(* Let $\Omega$ be a bounded domain in $\mathbb{C}^n$ and $f$ a smooth function on $\Omega$. Then for every $\varepsilon>0$ there are smooth non-negative functions $f^+$ and $f^-$ on $\Omega$ such that $f=f^+-f^-$, $\|f^\pm\|_{L^1(\Omega)}\le\|f\|_{L^1(\Omega)}+\varepsilon$ and $\|f^\pm\|_{*,\Omega}\le\|f\|_{*,\Omega}+\varepsilon$. In particular, if $\mu$ and $\mu'$ are positive measures with compact supports in $\Omega$ such that $\mu\le\mu'$ and $\mu'$ is $W^*(\Omega)$-H\"older continuous, then $\mu$ is also $W^*(\Omega)$-H\"older continuous.
   Context: $d^c=\frac{1}{2i\pi}(\partial-\bar\partial)$, $\omega$ the standard K\"ahler form on $\mathbb{C}^n$. $W^*(\Omega)$ is the space of real $f\in W^{1,2}(\Omega)$ with $df\wedge d^cf\le T$ for some closed positive $(1,1)$-current $T$ of finite mass on $\Omega$, with norm $\|f\|_{*,\Omega}=\|f\|_{L^1(\Omega)}+\min\{(\int_\Omega T\wedge\omega^{n-1})^{1/2}\}$ (taken to be $+\infty$ if $f\notin W^*(\Omega)$). A finite positive measure $\mu$ with compact support in $\Omega$ is $W^*(\Omega)$-H\"older continuous if there are $c,\alpha>0$ with $|\mu(f)|\le c\|f\|_{L^1(\Omega)}^\alpha$ for every smooth $f$ on $\Omega$ with $\|f\|_{*,\Omega}\le1$. *)

theory Defs
  imports "HOL-Analysis.Analysis"
begin

fun Ck_on :: "nat \<Rightarrow> 'a::real_normed_vector set \<Rightarrow> ('a \<Rightarrow> 'b::real_normed_vector) \<Rightarrow> bool" where
  "Ck_on 0 S f = continuous_on S f"
| "Ck_on (Suc k) S f =
     ((\<forall>x\<in>S. f differentiable (at x)) \<and>
      (\<forall>v. Ck_on k S (\<lambda>x. frechet_derivative f (at x) v)))"

definition smooth_on :: "'a::real_normed_vector set \<Rightarrow> ('a \<Rightarrow> 'b::real_normed_vector) \<Rightarrow> bool" where
  "smooth_on S f \<longleftrightarrow> (\<forall>k. Ck_on k S f)"

definition pd :: "('a::real_normed_vector \<Rightarrow> real) \<Rightarrow> 'a \<Rightarrow> 'a \<Rightarrow> real" where
  "pd f v x = frechet_derivative f (at x) v"

definition test_fn :: "(complex^'n) set \<Rightarrow> (complex^'n \<Rightarrow> real) \<Rightarrow> bool" where
  "test_fn \<Omega> \<phi> \<longleftrightarrow> smooth_on UNIV \<phi> \<and>
     compact (closure {x. \<phi> x \<noteq> 0}) \<and> closure {x. \<phi> x \<noteq> 0} \<subseteq> \<Omega>"

definition ex :: "'n \<Rightarrow> complex^'n" where "ex j = axis j 1"
definition ey :: "'n \<Rightarrow> complex^'n" where "ey j = axis j \<i>"

definition L2_on :: "(complex^'n) set \<Rightarrow> (complex^'n \<Rightarrow> real) \<Rightarrow> bool" where
  "L2_on \<Omega> g \<longleftrightarrow> set_borel_measurable lborel \<Omega> g \<and> set_integrable lborel \<Omega> (\<lambda>x. (g x)\<^sup>2)"

definition weak_deriv :: "(complex^'n) set \<Rightarrow> (complex^'n \<Rightarrow> real) \<Rightarrow> complex^'n \<Rightarrow> (complex^'n \<Rightarrow> real) \<Rightarrow> bool" where
  "weak_deriv \<Omega> f v g \<longleftrightarrow> (\<forall>\<phi>. test_fn \<Omega> \<phi> \<longrightarrow>
     (LINT x:\<Omega>|lborel. f x * pd \<phi> v x) = - (LINT x:\<Omega>|lborel. g x * \<phi> x))"

definition W12_grad :: "(complex^'n) set \<Rightarrow> (complex^'n \<Rightarrow> real) \<Rightarrow> (complex^'n \<Rightarrow> complex^'n \<Rightarrow> real) \<Rightarrow> bool" where
  "W12_grad \<Omega> f G \<longleftrightarrow> L2_on \<Omega> f \<and> (\<forall>v\<in>Basis. L2_on \<Omega> (G v) \<and> weak_deriv \<Omega> f v (G v))"

definition W12 :: "(complex^'n) set \<Rightarrow> (complex^'n \<Rightarrow> real) \<Rightarrow> bool" where
  "W12 \<Omega> f \<longleftrightarrow> (\<exists>G. W12_grad \<Omega> f G)"

text \<open>A (1,1)-current T = i \<Sum> T_jk dz_j \<and> dzbar_k on \<Omega> is given by its distribution
  coefficients T j k, acting on real test functions (extended complex-linearly).\<close>
type_synonym 'n current11 = "'n \<Rightarrow> 'n \<Rightarrow> (complex^'n \<Rightarrow> real) \<Rightarrow> complex"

- TASK BRIEF
From the data above, pick out each line containing "axis" and copy it.

- TASK RESPONSE
definition ex :: "'n \<Rightarrow> complex^'n" where "ex j = axis j 1"
definition ey :: "'n \<Rightarrow> complex^'n" where "ey j = axis j \<i>"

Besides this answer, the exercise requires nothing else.